Problem
Could you reproduce, from the records below, everything from the line with "using i by (intro" down to the line with "and a assume", keeping both of those lines and changing nothing?

Input for this task
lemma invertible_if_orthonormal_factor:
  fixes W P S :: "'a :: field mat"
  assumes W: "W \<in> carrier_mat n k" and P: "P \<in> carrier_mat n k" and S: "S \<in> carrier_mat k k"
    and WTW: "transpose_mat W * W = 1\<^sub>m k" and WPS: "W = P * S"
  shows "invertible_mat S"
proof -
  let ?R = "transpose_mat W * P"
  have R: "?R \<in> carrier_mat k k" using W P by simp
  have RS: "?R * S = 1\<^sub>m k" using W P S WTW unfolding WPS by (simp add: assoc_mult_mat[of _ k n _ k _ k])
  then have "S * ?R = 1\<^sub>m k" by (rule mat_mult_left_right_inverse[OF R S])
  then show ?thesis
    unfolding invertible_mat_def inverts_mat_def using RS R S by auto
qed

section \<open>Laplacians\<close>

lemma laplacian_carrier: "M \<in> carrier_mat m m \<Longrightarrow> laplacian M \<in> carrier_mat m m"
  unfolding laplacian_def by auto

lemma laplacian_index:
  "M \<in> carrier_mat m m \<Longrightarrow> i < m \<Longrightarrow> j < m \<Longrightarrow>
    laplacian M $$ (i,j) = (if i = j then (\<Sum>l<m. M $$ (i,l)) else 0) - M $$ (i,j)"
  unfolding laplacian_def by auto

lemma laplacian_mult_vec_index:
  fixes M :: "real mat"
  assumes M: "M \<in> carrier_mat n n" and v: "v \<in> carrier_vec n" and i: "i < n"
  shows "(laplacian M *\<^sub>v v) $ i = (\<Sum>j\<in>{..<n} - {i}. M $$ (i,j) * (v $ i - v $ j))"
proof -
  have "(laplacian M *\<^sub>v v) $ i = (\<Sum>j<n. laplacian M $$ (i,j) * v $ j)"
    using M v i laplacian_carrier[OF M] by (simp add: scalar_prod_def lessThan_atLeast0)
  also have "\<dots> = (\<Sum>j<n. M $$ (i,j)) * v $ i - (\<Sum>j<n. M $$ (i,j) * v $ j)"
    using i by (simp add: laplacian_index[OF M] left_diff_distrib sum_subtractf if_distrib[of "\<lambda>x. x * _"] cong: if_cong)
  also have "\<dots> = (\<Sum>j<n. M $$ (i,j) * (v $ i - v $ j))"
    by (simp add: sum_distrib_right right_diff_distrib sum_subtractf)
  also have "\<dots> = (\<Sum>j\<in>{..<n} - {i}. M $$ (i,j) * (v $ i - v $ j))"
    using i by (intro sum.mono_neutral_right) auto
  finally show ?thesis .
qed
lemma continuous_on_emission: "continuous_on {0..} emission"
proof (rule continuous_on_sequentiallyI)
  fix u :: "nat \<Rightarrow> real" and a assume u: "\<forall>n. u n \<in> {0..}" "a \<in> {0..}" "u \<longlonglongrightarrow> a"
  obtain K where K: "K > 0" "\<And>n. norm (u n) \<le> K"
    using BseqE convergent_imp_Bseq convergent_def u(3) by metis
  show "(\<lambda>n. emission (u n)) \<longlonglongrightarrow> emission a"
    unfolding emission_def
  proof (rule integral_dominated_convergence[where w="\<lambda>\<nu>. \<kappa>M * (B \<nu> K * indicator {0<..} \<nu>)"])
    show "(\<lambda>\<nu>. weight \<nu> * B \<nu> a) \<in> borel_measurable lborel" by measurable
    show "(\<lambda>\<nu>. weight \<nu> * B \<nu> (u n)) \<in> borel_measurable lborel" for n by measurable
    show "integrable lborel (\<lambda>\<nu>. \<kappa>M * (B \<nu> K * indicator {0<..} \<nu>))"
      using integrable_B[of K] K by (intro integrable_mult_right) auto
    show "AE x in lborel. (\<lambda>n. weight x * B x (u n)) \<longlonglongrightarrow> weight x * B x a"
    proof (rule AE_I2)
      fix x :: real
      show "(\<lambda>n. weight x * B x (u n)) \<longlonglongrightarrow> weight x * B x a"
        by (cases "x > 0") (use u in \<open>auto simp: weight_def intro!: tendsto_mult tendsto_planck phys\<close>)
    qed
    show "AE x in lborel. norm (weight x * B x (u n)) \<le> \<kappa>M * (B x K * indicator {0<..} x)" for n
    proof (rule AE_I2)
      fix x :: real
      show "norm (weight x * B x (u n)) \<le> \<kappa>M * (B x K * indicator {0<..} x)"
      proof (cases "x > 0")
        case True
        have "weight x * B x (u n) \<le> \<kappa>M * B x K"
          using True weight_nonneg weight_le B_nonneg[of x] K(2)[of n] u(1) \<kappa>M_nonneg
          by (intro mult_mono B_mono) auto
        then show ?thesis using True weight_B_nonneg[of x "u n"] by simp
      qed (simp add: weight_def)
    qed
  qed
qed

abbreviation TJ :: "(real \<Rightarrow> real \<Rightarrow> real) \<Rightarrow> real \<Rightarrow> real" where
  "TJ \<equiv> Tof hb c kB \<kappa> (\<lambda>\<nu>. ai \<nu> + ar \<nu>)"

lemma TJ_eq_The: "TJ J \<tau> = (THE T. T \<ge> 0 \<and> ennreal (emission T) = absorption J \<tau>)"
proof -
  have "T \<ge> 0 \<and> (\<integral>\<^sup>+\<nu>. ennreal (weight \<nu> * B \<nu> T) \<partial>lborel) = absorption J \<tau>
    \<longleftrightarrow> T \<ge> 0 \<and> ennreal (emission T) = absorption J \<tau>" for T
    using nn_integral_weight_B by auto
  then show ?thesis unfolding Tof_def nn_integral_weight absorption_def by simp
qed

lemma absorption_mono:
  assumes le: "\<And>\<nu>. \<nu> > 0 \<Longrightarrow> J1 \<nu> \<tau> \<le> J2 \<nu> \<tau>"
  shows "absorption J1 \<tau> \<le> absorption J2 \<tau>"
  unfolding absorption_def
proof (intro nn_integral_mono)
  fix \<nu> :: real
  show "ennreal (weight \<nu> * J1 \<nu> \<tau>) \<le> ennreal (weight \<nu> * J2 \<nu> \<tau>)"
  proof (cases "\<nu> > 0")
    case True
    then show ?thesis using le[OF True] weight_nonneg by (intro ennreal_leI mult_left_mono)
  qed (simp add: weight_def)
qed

Answer to the problem
    using i by (intro sum.mono_neutral_right) auto
  finally show ?thesis .
qed
lemma continuous_on_emission: "continuous_on {0..} emission"
proof (rule continuous_on_sequentiallyI)
  fix u :: "nat \<Rightarrow> real" and a assume u: "\<forall>n. u n \<in> {0..}" "a \<in> {0..}" "u \<longlonglongrightarrow> a"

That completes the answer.